Cargill's Corner made easier for wheelchair users

After years of close calls and dangerous situations, one Dunedin woman is now looking forward to crossing the street without worrying about her safety.

Fiona Russell, who is wheelchair-bound, said navigating the intersection of Hillside Rd and King Edward St in her electric wheelchair had been ''pretty diabolical''.

It was a frightening experience for someone who was not able to just leap out of their wheelchair, Miss Russell said.

''I have to go on an angle, not straight on, because if I go straight on, my wheels get stuck.''

Wheelchair user Fiona Russell safely negotiates the crossing at Cargill's Corner in South Dunedin after the intersection was made much more accessible earlier this month. Photo: Linda Robertson
Wheelchair user Fiona Russell safely negotiates the crossing at Cargill's Corner in South Dunedin after the intersection was made much more accessible earlier this month. Photo: Linda Robertson
Often, her wheelchair got caught in the gutter at the intersection and she was unable to move out of the way of traffic when the lights changed.

Last week, Dunedin City Council contractors began work to make the crossing more accessible for wheelchair users.

Disability Information Service adviser John Marrable said modern wheelchairs such as Ms Russell's get stuck in the gutter at Cargill's Corner because of outdated legislation.

''Fiona's wheelchair is a very wide and heavy wheelchair and the legislation from 2001 doesn't suit the wheelchair.

''So you have contractors go to put a kerb ramp out and they follow the legislation, but it is totally impracticable.''

While Ms Russell was looking forward to no longer risking getting snagged in the gutter, she feels the lights at the intersection did not allow enough time for a wheelchair user to cross.

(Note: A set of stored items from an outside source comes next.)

lemma trail_family_merge:
  assumes "finite F" "\<forall>S\<in>F. closed_trail V E inc S" "edge_disjoint F"
  shows "\<exists>F'. (\<forall>S\<in>F'. closed_trail V E inc S) \<and> edge_disjoint F' \<and> anchor_disjoint F' \<and>
    (\<Union>S\<in>F'. step_edge ` set S) = (\<Union>S\<in>F. step_edge ` set S) \<and> (\<forall>S\<in>F. \<exists>S'\<in>F'. set S \<subseteq> set S')"
  using assms
proof (induction "card F" arbitrary: F rule: less_induct)
  case less
  show ?case
  proof (cases "anchor_disjoint F")
    case False
    then obtain S1 S2 a where S: "S1 \<in> F" "S2 \<in> F" "S1 \<noteq> S2" "a \<in> fst ` set S1" "a \<in> fst ` set S2"
      unfolding anchor_disjoint_def by blast
    obtain M where M: "closed_trail V E inc M" "set M = set S1 \<union> set S2"
      and disj: "edge_disjoint (insert M (F - {S1, S2}))"
      using trail_family_splice[OF less.prems(2,3) S] by blast
    define F2 where "F2 = insert M (F - {S1, S2})"
    have smaller: "card F2 < card F"
    proof -
      have "card (F - {S1, S2}) = card F - 2" using S less.prems(1) by (simp add: card_Diff_subset)
      moreover have "card {S1, S2} \<le> card F" using S(1,2) less.prems(1) by (intro card_mono) auto
      ultimately show ?thesis unfolding F2_def using S(3) less.prems(1) by (auto simp: card_insert_if)
    qed
    have "finite F2" "\<forall>S\<in>F2. closed_trail V E inc S"
      unfolding F2_def using less.prems(1,2) M(1) by auto
    from less.hyps[OF smaller this disj[folded F2_def]] obtain F' where
      F': "\<forall>S\<in>F'. closed_trail V E inc S" "edge_disjoint F'" "anchor_disjoint F'"
        "(\<Union>S\<in>F'. step_edge ` set S) = (\<Union>S\<in>F2. step_edge ` set S)"
        "\<forall>S\<in>F2. \<exists>S'\<in>F'. set S \<subseteq> set S'"
      by (elim exE conjE) (rule that; assumption)
    have "(\<Union>S\<in>F2. step_edge ` set S) = (\<Union>S\<in>F. step_edge ` set S)"
      unfolding F2_def using M(2) S(1,2) by auto
    moreover have "\<exists>S'\<in>F'. set S \<subseteq> set S'" if "S \<in> F" for S
    proof (cases "S = S1 \<or> S = S2")
      case True
      moreover obtain S' where "S' \<in> F'" "set M \<subseteq> set S'" using F'(5) unfolding F2_def by blast
      ultimately show ?thesis using M(2) by blast
    qed (use that F'(5) in \<open>auto simp: F2_def\<close>)
    ultimately show ?thesis using F'(1-4) by auto
  qed (use less.prems in blast)
qed

lemma closed_trail_lists_sets:
  assumes "closed_trail V E inc S"
  shows "set (fst (trail_lists S)) = fst ` set S" "set (snd (trail_lists S)) = step_edge ` set S"
  using assms trail_lists_sets unfolding closed_trail_def by blast+

lemma euler_family_of_trails:
  assumes "euler_trail_family V E inc F"
  shows "euler_family V E inc (trail_lists ` F)"
proof -
  have F: "\<forall>S\<in>F. closed_trail V E inc S" "edge_disjoint F" "anchor_disjoint F"
    and cover: "(\<Union>S\<in>F. step_edge ` set S) = E"
    using assms unfolding euler_trail_family_def by auto
  show ?thesis
    unfolding euler_family_def
  proof (intro conjI ballI impI)
    fix T assume "T \<in> trail_lists ` F"
    then show "closed_strict_trail V E inc (fst T) (snd T)" using closed_trail_lists F(1) by blast
  next
    fix e assume "e \<in> E"
    then obtain S where S: "S \<in> F" "e \<in> step_edge ` set S" using cover by blast
    show "\<exists>!T. T \<in> trail_lists ` F \<and> e \<in> set (snd T)"
    proof (rule ex1I[of _ "trail_lists S"])
      show "trail_lists S \<in> trail_lists ` F \<and> e \<in> set (snd (trail_lists S))"
        using S closed_trail_lists_sets(2) F(1) by blast
    next
      fix T assume T: "T \<in> trail_lists ` F \<and> e \<in> set (snd T)"
      then obtain S' where S': "S' \<in> F" "T = trail_lists S'" by blast
      then have "e \<in> step_edge ` set S'" using T closed_trail_lists_sets(2) F(1) by blast
      then have "S' = S" using F(2) S S'(1) unfolding edge_disjoint_def by blast
      with S' show "T = trail_lists S" by simp
    qed
  next
    fix T1 T2 assume T: "T1 \<in> trail_lists ` F" "T2 \<in> trail_lists ` F" "T1 \<noteq> T2"
    then obtain S1 S2 where S: "S1 \<in> F" "S2 \<in> F" "T1 = trail_lists S1" "T2 = trail_lists S2" "S1 \<noteq> S2"
      by blast
    then have "fst ` set S1 \<inter> fst ` set S2 = {}" using F(3) unfolding anchor_disjoint_def by blast
    with S show "set (fst T1) \<inter> set (fst T2) = {}" using closed_trail_lists_sets(1) F(1) by metis
  qed
qed

lemma closed_strict_trail_edges: "closed_strict_trail V E inc vs es \<Longrightarrow> set es \<subseteq> E"
  unfolding closed_strict_trail_def walk_def by (metis in_set_conv_nth subsetI)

''It's going to be much easier, but I wish it was a Barnes Dance.''

A council spokeswoman said a Barnes Dance would create longer traffic queues and there were not enough pedestrians to justify installing the crossing system.

Ms Russell challenged that decision, pointing out the traffic lights further up Hillside Rd were installed to help blind people.

South Dunedin had more disabled people than elsewhere in the city and Cargill's Corner presented a major challenge for many of them, she said.

Mr Marrable said he had been helping the council and contractors understand the issues people in wheelchairs encountered at road crossings.

Thanks to people like Ms Russell lobbying the council, change was slowly happening, he said.